We will setup everything needed to use RLink and import the iris dataset into AIMMS identifiers. We will do this by calling lines of R code directly using ExecScript.

The three parameters that are needed by DataLink are defined as:

DeclarationSection RLinkSetup {
  StringParameter MapName;
  StringParameter DataMap {
    IndexDomain: (dl::dt,dl::idn,dl::cn,dl::dn);
  }
  StringParameter XA {
    IndexDomain: dl::rwattr;
    Definition: {
       { 'DataProvider' : rlink::DataLink };
    }
  }
}

The MapName, DataMap and XA declared here will be reused throughout the examples.

This iris data sets consists of 3 different types of irises (Setosa, Versicolour, and Virginica) and gives the petal and sepal length and width for 50 examples each. So in R we have a data frame with 5 columns: Sepal.Length, Sepal.Width, Petal.Length, Petal.Width and Species. In AIMMS we define the parameters to read in those values.

Set SampleID {
  Index: i;
}
StringParameter Species {
  IndexDomain: i;
}
Parameter SepalLength {
  IndexDomain: i;
}
Parameter SepalWidth {
! etc....

Read iris data set

We also introduced an extra domain set SampleID so we can read each of the 150 samples and represent them in AIMMS. Now we can define a data map:

dl::DataTables+={'IrisOut'};
empty DataMap;
DataMap(dl::dt,dl::idn,dl::cn,dl::dn) += data {
  !(tablename, identifier   , col, dom ) : dataframe.colname
  ( IrisOut  , SampleID     , 1  , 1   ) : "SampleID",
  ( IrisOut  , Species      , 2  , 0   ) : "Species",
  ( IrisOut  , SepalLength  , 3  , 0   ) : "Sepal.Length",
  ( IrisOut  , SepalWidth   , 4  , 0   ) : "Sepal.Width",
  ( IrisOut  , PetalLength  , 5  , 0   ) : "Petal.Length",
  ( IrisOut  , PetalWidth   , 6  , 0   ) : "Petal.Width"
} ;

The strings on the right hand side are the names in the data frame. SampleID is not yet part of the data frame. We need it as domain for all other parameters and have to add this to the data frame.

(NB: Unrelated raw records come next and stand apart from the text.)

(* Let $x\in\mathbb{R}^n$ and let $\widehat{L}=L-P_{T_z}LP_{T_x^\perp}$ be its effective lifting operator. Then (i) $\widehat{L}$ has full column rank; (ii) for every $u\in\partial\|\cdot\|_{1,2}(Lx)$ (the subdifferential of $\|\cdot\|_{1,2}$ at the point $Lx$), one has $(P_{T_z}LP_{T_x^\perp})^\top u=0$ and $L^\top u=\widehat{L}^\top u$.
   Context: Let $n,N\in\mathbb{N}$, let $G_1,\dots,G_N\subseteq\{1,\dots,n\}$ be nonempty groups, possibly overlapping, with $\bigcup_iG_i=\{1,\dots,n\}$, and weights $w_i>0$. $x_G$ is the subvector of $x$ indexed by $G$ (increasing order). Let $p=\sum_i|G_i|$, partition $\{1,\dots,p\}$ into consecutive blocks $J_i=\{\sum_{j<i}|G_j|+1,\dots,\sum_{j\le i}|G_j|\}$, and define $L\in\mathbb{R}^{p\times n}$ by $(Lx)_{J_i}=w_ix_{G_i}$. For $z\in\mathbb{R}^p$, $\|z\|_{1,2}=\sum_i\|z_{J_i}\|$ (Euclidean); $u\in\partial\|\cdot\|_{1,2}(z)$ iff $u_{J_i}=z_{J_i}/\|z_{J_i}\|$ when $z_{J_i}\ne0$ and $\|u_{J_i}\|\le1$ when $z_{J_i}=0$. For $x\in\mathbb{R}^n$: $\mathcal{I}_x=\{t:x_{G_t}\ne0\}$; $\mathcal{E}_x=\{1,\dots,n\}\setminus\bigcup_{t\notin\mathcal{I}_x}G_t$, $T_x=\{x'\in\mathbb{R}^n:\mathrm{supp}(x')\subseteq\mathcal{E}_x\}$; $\mathcal{E}_z=\bigcup_{t\in\mathcal{I}_x}J_t$, $T_z=\{z'\in\mathbb{R}^p:\mathrm{supp}(z')\subseteq\mathcal{E}_z\}$. $P_T$ is the orthogonal (coordinate) projection onto $T$, $T^\perp$ the orthogonal complement. *)

theory Defs
  imports "Jordan_Normal_Form.DL_Rank"
begin

text \<open>Conventions: all indices are 0-based (Jordan_Normal_Form matrices/vectors).
  Coordinates of R^n are 0..<n, groups are indexed by 0..<N, G i is a subset of {0..<n}.\<close>

definition offs :: "(nat \<Rightarrow> nat set) \<Rightarrow> nat \<Rightarrow> nat" where
  "offs G i = (\<Sum>j<i. card (G j))"

definition blk :: "(nat \<Rightarrow> nat set) \<Rightarrow> nat \<Rightarrow> nat set" where
  "blk G i = {offs G i ..< offs G i + card (G i)}"

text \<open>Lifting operator L in R^{p x n}: (L x)_{J_i} = w_i x_{G_i} (G_i listed increasingly).\<close>
definition lift_mat :: "nat \<Rightarrow> nat \<Rightarrow> (nat \<Rightarrow> nat set) \<Rightarrow> (nat \<Rightarrow> real) \<Rightarrow> real mat" where
  "lift_mat n N G w = mat (offs G N) n (\<lambda>(k, j).
      \<Sum>i<N. (if k \<in> blk G i \<and> j = sorted_list_of_set (G i) ! (k - offs G i) then w i else 0))"

definition blk_norm :: "(nat \<Rightarrow> nat set) \<Rightarrow> real vec \<Rightarrow> nat \<Rightarrow> real" where
  "blk_norm G z i = sqrt (\<Sum>k\<in>blk G i. (z $ k)\<^sup>2)"

text \<open>Subdifferential of the l_{1,2} norm at z (as characterized in the paper).\<close>
definition subdiff12 :: "nat \<Rightarrow> (nat \<Rightarrow> nat set) \<Rightarrow> real vec \<Rightarrow> real vec set" where
  "subdiff12 N G z = {u \<in> carrier_vec (offs G N). \<forall>i<N.
      (if (\<exists>k\<in>blk G i. z $ k \<noteq> 0)
       then (\<forall>k\<in>blk G i. u $ k = z $ k / blk_norm G z i)
       else blk_norm G u i \<le> 1)}"

definition active_grps :: "nat \<Rightarrow> (nat \<Rightarrow> nat set) \<Rightarrow> real vec \<Rightarrow> nat set" where
  "active_grps N G x = {t. t < N \<and> (\<exists>j\<in>G t. x $ j \<noteq> 0)}"

text \<open>E_x: support set of the model subspace T_x.\<close>
definition Ex_set :: "nat \<Rightarrow> nat \<Rightarrow> (nat \<Rightarrow> nat set) \<Rightarrow> real vec \<Rightarrow> nat set" where
  "Ex_set n N G x = {0..<n} - (\<Union>t\<in>{t. t < N \<and> t \<notin> active_grps N G x}. G t)"

text \<open>E_z: support set of T_z.\<close>
definition Ez_set :: "nat \<Rightarrow> (nat \<Rightarrow> nat set) \<Rightarrow> real vec \<Rightarrow> nat set" where
  "Ez_set N G x = (\<Union>t\<in>active_grps N G x. blk G t)"

definition coord_proj :: "nat \<Rightarrow> nat set \<Rightarrow> real mat" where
  "coord_proj d E = mat d d (\<lambda>(i, j). if i = j \<and> i \<in> E then 1 else 0)"

definition full_column_rank :: "real mat \<Rightarrow> bool" where
  "full_column_rank A \<longleftrightarrow> vec_space.rank (dim_row A) A = dim_col A"

end

theory Submission
  imports Defs
begin

text \<open>Entrywise, PTz * L * PTxperp is L restricted to the rows in E_z and the columns outside
  E_x, so Lhat is L with exactly these entries deleted. A column j outside E_x lies in an
  inactive group, whose rows are not in E_z; hence every column j of Lhat keeps a row of L in
  which the weight at position j is the only nonzero entry, and Lhat has full column rank.
  A deleted nonzero entry L_kj sits in a row k of an active block with (Lx)_k = w_i x_j = 0,
  and at a zero entry of a nonzero block every subgradient vanishes. Hence
  (PTz * L * PTxperp)^T u = 0, and L^T u = Lhat^T u follows by linearity.\<close>

lemma coord_proj_carrier: "coord_proj d E \<in> carrier_mat d d"
  by (simp add: coord_proj_def)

Now we can reset and associate the data map with map name “ShowIris”.

MapName := "ShowIris";
dl::RemoveDataSourceMapping( MapName );
dl::AddDataSourceMapping( MapName, DataMap,
           dl::DependEmpty, dl::TableAttributesEmpty, dl::ColAttributeEmpty );
empty SampleID, Species, SepalLength, SepalWidth, PetalLength, PetalWidth;

Before we can use package nnet we have to “load” it into R using the function library.

dl::ExecScript("library(nnet)",MapName,XA);

Now data set iris becomes available in R and we can turn this into a data frame dfiris using:

dl::ExecScript("dfiris<-as.data.frame(iris)",MapName,XA);

The SampleID has to be added as extra column to dfiris and it is filled with the values 1 to 150 using function seq.int:

dl::ExecScript("dfiris$SampleID <- seq.int(nrow(dfiris))",MapName,XA);

Now we can read data frame dfiris:

dl::ExecScript("aimms::SetData(\"IrisOut\",dfiris)",MapName,XA);

Read more data

We can also make a set KindOfSpecies containing the iris species. For this we need to append the data map.

dl::DataTables+={'KofS'};
DataMap(dl::dt,dl::idn,dl::cn,dl::dn) += data {
  ( KofS, KindOfSpecies, 1, 1) : "KindOfSpecies"
}

Replace the old data map with the new one and clear set KindOfSpecies.

dl::RemoveDataSourceMapping(MapName);
dl::AddDataSourceMapping(MapName,DataMap,dl::DependEmpty,dl::TableAttributesEmpty,dl::ColAttributeEmpty);
empty KindOfSpecies;

Now we can create a data frame dfnames with the levels from column Species of dfiris and give the column name KindOfSpecies.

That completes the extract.